The data →
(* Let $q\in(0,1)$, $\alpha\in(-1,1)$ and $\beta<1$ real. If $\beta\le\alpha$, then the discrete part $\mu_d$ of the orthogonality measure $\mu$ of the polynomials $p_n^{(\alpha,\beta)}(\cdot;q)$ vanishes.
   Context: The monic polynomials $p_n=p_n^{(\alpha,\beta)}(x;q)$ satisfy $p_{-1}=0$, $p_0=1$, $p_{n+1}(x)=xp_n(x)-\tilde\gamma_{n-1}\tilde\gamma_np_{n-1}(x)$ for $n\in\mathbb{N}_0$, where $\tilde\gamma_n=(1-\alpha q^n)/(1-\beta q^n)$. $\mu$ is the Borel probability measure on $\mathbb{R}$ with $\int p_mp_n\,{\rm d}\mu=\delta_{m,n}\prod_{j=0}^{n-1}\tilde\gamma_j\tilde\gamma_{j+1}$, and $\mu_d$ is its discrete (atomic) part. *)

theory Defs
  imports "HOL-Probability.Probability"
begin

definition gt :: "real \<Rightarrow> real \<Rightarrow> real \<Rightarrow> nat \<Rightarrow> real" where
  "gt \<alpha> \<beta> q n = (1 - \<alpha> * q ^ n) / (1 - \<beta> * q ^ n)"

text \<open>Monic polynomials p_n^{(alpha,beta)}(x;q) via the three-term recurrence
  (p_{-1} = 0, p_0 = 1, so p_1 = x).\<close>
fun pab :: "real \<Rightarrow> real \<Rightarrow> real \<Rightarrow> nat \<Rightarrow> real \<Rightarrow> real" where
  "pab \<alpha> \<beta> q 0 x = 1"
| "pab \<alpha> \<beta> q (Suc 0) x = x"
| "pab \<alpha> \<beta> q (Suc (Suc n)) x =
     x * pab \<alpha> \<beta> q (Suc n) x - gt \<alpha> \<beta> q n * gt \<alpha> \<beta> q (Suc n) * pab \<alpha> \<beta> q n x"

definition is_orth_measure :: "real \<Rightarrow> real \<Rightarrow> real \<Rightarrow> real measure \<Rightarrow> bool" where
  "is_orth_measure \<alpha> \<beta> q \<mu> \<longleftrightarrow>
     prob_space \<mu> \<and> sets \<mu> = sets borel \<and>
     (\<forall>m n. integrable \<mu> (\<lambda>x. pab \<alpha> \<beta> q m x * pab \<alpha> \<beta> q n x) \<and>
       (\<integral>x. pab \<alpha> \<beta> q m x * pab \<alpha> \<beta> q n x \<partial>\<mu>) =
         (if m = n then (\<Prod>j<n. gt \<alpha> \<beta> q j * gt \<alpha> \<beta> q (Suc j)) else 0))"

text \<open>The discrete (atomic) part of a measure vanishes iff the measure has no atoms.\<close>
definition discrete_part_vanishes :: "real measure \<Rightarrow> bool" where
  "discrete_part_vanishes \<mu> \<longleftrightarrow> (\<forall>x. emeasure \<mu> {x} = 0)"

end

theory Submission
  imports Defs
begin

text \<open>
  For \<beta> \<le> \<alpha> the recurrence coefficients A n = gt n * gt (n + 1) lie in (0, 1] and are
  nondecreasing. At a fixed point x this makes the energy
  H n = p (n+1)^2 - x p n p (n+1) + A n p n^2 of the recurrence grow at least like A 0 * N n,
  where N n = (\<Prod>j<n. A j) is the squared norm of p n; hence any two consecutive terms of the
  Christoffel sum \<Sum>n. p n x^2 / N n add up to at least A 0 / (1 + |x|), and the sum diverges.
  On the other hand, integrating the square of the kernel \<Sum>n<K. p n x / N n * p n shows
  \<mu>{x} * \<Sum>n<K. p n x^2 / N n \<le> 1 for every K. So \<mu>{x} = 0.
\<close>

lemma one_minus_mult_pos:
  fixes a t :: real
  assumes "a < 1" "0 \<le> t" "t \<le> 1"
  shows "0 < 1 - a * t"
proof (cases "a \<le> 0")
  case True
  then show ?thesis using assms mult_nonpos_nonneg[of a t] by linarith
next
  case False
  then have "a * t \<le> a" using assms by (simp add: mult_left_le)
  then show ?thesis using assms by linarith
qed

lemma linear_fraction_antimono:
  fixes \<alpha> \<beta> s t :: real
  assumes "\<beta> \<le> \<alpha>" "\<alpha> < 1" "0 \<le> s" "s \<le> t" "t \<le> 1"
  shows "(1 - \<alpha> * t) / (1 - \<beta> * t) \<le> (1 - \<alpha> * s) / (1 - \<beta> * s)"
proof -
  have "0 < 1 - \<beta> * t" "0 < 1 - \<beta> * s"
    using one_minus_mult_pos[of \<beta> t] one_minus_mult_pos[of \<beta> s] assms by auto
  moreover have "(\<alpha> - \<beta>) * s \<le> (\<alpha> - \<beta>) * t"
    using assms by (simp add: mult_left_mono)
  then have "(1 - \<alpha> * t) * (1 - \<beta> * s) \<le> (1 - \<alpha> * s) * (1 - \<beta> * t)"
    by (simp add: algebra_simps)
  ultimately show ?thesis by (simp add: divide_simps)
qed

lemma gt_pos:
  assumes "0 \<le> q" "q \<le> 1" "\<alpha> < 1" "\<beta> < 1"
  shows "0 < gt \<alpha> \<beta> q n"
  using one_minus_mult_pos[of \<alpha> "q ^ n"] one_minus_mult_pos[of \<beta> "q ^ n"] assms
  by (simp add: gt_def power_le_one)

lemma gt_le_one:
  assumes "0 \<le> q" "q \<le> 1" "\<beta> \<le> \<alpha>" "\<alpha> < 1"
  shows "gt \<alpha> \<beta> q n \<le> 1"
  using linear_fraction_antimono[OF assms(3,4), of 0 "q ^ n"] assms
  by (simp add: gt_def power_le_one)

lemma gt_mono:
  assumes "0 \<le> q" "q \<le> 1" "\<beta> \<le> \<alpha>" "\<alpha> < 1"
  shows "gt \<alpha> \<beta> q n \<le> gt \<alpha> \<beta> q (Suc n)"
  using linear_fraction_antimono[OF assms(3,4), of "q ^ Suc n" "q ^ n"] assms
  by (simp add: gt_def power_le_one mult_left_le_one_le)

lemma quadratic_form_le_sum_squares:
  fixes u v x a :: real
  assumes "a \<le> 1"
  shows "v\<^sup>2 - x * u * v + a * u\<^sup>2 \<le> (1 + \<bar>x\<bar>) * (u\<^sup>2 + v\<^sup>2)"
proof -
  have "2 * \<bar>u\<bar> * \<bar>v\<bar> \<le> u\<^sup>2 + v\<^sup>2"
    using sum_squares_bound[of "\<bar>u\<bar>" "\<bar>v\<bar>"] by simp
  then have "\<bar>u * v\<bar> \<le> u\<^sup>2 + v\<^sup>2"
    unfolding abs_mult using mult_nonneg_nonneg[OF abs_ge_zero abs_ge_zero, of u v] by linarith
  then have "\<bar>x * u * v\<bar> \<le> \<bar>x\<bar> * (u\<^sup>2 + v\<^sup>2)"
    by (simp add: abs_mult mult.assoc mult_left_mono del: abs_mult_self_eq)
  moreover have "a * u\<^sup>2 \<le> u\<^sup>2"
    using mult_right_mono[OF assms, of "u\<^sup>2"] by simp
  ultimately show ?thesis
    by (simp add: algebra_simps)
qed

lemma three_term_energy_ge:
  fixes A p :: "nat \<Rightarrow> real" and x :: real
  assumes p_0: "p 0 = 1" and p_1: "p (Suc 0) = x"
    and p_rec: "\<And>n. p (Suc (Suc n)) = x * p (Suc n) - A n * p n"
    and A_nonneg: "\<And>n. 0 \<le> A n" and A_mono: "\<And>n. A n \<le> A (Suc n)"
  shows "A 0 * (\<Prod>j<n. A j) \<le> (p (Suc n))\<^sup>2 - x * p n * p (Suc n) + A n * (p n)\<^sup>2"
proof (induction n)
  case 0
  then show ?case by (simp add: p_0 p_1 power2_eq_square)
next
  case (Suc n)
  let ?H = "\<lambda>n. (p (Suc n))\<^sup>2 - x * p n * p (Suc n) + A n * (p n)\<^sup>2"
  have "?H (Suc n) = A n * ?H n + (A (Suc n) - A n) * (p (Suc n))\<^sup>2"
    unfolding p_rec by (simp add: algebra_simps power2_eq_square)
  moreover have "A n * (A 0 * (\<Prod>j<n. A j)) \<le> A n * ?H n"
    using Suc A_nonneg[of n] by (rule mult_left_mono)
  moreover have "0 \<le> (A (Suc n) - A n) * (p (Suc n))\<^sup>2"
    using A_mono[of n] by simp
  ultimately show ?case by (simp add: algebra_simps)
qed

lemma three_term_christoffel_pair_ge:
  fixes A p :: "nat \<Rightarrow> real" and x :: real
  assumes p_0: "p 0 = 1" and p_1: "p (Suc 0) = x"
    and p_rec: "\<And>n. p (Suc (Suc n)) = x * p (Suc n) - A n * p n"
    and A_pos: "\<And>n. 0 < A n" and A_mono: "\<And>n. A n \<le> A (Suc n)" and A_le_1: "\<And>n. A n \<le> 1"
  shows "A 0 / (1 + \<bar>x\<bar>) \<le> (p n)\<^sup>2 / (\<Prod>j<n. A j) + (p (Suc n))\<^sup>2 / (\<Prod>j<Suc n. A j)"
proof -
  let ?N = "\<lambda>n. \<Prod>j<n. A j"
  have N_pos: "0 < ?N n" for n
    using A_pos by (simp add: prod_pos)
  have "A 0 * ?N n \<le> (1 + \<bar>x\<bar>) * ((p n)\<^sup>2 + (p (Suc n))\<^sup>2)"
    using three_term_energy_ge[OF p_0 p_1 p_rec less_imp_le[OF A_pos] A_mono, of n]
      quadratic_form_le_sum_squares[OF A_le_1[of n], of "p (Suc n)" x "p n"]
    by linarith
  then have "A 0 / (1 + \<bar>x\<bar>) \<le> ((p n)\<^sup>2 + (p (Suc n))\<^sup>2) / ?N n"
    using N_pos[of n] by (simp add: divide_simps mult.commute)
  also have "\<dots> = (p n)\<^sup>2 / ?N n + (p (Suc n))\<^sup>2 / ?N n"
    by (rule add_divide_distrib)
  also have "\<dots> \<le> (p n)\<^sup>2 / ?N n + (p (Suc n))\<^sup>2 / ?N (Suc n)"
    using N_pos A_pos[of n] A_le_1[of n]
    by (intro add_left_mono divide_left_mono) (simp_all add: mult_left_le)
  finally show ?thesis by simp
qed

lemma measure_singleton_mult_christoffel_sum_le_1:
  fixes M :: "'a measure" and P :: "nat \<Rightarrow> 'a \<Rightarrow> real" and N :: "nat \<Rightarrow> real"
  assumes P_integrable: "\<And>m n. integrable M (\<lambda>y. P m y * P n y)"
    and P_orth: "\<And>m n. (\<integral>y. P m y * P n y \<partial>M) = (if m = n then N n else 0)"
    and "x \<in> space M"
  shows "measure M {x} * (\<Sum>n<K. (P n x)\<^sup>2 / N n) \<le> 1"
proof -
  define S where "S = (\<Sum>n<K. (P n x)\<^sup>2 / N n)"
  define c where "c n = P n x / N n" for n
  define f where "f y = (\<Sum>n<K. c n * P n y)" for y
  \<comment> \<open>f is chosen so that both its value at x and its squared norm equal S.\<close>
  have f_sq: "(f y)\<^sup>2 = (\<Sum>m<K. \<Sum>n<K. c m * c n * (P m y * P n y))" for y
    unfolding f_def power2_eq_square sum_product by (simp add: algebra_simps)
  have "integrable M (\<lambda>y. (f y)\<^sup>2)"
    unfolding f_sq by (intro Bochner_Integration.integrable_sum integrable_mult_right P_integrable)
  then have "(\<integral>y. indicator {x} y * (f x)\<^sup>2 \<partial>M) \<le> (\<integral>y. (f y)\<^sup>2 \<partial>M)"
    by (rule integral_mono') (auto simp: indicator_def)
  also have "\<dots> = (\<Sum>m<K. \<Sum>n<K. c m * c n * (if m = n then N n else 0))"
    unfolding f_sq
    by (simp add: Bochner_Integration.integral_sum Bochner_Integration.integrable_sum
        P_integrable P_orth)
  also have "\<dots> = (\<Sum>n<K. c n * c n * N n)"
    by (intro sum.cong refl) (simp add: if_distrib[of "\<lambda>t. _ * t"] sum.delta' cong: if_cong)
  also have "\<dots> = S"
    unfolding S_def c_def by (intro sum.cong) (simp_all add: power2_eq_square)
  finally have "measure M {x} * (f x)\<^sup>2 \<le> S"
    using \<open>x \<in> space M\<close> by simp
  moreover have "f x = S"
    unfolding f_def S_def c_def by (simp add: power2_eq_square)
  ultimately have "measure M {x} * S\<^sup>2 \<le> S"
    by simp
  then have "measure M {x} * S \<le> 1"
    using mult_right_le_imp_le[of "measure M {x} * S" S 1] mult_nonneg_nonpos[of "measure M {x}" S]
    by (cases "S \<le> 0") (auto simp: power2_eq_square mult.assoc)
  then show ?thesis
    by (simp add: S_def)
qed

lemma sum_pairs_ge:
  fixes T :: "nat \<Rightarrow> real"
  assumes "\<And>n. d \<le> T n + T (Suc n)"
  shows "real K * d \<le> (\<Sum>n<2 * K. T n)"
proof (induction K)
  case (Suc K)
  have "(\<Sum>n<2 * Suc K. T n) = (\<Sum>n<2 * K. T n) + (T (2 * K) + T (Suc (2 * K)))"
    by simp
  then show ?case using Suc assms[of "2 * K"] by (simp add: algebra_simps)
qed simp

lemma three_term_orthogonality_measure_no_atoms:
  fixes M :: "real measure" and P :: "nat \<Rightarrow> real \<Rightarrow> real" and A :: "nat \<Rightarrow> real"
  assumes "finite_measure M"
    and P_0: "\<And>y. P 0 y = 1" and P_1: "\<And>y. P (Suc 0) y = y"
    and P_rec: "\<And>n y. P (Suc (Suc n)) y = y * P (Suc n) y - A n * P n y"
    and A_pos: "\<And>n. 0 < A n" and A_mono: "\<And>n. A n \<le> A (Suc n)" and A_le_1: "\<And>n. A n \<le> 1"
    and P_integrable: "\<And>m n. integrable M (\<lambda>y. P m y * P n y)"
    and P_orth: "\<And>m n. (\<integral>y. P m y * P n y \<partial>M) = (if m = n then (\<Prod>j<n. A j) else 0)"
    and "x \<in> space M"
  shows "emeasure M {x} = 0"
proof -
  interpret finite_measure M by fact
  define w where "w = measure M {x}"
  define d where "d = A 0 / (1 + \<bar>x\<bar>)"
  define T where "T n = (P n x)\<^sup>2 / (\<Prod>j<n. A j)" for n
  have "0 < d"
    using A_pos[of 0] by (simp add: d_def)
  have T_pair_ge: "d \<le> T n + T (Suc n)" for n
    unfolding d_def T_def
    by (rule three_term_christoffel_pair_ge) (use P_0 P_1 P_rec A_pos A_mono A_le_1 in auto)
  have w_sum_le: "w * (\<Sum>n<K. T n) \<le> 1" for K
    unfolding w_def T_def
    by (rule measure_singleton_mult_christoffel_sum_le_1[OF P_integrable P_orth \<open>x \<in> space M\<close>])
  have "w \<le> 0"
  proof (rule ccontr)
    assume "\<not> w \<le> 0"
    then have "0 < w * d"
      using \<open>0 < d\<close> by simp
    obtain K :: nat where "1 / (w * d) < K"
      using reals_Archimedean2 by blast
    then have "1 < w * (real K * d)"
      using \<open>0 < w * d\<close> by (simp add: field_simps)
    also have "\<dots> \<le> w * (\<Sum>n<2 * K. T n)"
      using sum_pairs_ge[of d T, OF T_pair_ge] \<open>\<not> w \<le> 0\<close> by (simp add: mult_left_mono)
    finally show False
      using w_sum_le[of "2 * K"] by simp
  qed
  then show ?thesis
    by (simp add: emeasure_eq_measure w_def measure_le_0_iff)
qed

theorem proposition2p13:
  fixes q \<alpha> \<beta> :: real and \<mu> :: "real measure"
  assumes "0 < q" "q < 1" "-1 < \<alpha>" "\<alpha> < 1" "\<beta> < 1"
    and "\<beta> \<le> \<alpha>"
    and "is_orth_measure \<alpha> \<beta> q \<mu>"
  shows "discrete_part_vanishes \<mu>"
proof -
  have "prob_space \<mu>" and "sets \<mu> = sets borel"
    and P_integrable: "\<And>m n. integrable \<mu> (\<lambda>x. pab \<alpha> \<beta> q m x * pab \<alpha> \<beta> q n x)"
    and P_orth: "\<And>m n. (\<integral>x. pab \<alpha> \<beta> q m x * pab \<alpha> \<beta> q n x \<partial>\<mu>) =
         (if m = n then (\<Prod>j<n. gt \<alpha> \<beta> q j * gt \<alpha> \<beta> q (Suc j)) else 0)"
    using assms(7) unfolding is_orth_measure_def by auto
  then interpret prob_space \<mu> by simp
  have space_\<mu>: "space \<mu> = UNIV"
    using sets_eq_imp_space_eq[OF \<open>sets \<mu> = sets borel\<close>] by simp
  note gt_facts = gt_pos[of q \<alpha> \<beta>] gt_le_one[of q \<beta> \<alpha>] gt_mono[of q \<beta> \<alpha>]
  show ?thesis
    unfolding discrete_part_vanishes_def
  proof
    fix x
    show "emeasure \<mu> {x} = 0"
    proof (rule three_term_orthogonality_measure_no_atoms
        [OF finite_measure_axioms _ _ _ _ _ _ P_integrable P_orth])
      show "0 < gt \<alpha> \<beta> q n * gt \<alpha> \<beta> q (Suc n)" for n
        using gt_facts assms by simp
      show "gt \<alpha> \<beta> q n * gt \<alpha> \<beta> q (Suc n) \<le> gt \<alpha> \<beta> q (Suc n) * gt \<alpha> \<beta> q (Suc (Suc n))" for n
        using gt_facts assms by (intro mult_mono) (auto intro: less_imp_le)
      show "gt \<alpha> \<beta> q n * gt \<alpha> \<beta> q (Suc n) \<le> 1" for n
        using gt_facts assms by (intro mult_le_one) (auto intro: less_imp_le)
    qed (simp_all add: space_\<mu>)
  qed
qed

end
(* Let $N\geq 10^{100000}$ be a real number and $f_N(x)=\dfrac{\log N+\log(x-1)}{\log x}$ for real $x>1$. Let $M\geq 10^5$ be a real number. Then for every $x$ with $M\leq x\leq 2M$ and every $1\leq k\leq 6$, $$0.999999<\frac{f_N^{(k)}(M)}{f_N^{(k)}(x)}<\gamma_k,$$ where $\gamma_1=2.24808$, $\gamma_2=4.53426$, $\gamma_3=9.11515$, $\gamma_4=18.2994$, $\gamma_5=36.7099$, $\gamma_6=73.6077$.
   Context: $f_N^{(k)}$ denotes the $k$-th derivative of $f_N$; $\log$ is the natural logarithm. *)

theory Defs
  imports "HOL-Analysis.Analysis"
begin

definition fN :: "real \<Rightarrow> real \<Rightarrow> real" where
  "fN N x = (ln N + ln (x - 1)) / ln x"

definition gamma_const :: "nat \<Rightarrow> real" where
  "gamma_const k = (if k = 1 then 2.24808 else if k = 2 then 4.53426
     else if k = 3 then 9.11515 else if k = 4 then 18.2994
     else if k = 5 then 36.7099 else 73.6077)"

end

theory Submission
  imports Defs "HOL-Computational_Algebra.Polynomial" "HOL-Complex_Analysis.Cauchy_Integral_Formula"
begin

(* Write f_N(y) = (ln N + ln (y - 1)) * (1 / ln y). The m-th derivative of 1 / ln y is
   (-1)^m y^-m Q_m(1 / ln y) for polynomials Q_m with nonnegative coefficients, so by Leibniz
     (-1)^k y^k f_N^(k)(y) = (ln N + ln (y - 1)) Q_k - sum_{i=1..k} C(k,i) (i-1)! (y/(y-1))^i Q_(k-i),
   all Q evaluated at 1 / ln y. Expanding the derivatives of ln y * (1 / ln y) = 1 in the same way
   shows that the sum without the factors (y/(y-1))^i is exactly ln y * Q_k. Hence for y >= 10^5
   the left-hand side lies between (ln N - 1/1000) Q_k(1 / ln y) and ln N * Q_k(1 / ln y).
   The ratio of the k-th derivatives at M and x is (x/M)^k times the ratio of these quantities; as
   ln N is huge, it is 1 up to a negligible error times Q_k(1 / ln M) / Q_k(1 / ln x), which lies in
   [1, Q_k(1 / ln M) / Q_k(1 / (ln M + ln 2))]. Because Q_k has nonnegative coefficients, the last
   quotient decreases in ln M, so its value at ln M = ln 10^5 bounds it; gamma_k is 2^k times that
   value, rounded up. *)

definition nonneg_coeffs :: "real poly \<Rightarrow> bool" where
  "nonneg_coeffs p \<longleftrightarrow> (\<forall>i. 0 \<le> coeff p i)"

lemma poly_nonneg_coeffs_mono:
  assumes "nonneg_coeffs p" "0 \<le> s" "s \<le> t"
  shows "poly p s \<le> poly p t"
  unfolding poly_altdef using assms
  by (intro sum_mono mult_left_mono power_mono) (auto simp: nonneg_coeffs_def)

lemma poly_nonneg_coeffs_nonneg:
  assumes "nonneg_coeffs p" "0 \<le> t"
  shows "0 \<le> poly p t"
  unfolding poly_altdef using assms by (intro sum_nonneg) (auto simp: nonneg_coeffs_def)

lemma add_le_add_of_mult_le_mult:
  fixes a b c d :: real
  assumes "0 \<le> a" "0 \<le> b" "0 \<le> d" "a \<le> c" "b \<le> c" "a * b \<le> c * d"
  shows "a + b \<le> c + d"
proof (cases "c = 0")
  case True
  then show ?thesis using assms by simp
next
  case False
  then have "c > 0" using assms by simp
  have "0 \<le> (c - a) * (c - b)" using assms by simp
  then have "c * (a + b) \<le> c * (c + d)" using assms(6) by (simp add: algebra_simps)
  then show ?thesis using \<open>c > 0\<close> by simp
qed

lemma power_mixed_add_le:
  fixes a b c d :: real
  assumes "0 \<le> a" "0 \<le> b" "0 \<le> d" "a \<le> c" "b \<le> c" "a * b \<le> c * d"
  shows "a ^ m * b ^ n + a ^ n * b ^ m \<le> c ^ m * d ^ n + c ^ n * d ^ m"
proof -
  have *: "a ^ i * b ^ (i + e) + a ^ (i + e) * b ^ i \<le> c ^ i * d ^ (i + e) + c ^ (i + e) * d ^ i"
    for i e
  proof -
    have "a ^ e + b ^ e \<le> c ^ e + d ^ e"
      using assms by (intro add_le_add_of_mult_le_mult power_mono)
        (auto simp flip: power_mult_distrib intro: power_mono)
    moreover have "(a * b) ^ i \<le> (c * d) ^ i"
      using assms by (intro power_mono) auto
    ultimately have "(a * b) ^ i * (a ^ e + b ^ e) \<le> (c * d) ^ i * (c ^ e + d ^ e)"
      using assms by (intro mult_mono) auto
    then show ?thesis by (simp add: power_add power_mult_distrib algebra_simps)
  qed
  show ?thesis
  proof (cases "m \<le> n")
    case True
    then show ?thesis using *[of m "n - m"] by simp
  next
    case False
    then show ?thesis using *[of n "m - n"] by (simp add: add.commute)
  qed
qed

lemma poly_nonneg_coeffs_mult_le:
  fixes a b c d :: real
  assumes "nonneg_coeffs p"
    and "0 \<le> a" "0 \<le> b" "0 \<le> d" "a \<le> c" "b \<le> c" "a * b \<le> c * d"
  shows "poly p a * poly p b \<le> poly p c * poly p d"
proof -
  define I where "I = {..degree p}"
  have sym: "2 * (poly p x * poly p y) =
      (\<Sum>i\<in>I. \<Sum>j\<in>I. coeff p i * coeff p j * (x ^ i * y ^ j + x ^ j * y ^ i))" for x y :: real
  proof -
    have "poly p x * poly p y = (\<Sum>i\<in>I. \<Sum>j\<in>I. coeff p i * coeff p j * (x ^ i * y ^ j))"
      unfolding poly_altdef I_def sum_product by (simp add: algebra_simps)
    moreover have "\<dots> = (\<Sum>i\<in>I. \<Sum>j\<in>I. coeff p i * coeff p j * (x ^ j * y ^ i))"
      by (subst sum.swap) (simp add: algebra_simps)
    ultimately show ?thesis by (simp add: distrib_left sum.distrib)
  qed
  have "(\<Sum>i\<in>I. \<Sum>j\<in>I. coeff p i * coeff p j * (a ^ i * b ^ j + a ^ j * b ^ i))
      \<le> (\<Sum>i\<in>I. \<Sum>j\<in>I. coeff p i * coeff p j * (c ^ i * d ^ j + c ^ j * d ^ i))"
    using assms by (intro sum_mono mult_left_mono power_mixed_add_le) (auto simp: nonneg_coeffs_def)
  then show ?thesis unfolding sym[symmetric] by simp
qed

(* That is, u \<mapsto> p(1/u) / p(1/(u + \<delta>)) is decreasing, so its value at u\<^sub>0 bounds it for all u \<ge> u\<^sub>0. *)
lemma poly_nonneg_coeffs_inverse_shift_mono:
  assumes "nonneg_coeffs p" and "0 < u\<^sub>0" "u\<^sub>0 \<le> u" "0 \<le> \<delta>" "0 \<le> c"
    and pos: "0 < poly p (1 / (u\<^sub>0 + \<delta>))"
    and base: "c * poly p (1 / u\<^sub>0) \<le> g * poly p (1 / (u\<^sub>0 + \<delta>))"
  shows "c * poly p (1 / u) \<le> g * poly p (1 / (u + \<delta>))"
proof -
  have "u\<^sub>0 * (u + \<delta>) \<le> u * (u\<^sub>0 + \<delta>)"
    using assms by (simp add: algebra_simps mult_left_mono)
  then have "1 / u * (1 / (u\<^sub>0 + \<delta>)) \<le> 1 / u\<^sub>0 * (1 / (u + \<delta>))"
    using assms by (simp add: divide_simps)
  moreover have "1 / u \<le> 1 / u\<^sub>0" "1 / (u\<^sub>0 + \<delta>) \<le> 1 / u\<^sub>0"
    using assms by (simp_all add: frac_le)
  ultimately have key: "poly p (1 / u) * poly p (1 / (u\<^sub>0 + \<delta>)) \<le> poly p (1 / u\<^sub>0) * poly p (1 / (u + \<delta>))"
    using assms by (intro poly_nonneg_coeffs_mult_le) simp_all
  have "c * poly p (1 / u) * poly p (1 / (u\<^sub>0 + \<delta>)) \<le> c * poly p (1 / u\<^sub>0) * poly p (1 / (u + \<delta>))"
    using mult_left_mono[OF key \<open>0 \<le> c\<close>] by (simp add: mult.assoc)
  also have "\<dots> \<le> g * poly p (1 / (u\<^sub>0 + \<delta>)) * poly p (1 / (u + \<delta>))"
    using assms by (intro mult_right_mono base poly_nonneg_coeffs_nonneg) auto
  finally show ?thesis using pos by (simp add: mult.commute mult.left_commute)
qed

What is required → Look over the listing and say how many lines hold the string "norm". Nothing but the number is needed.

Solution to this exercise → 2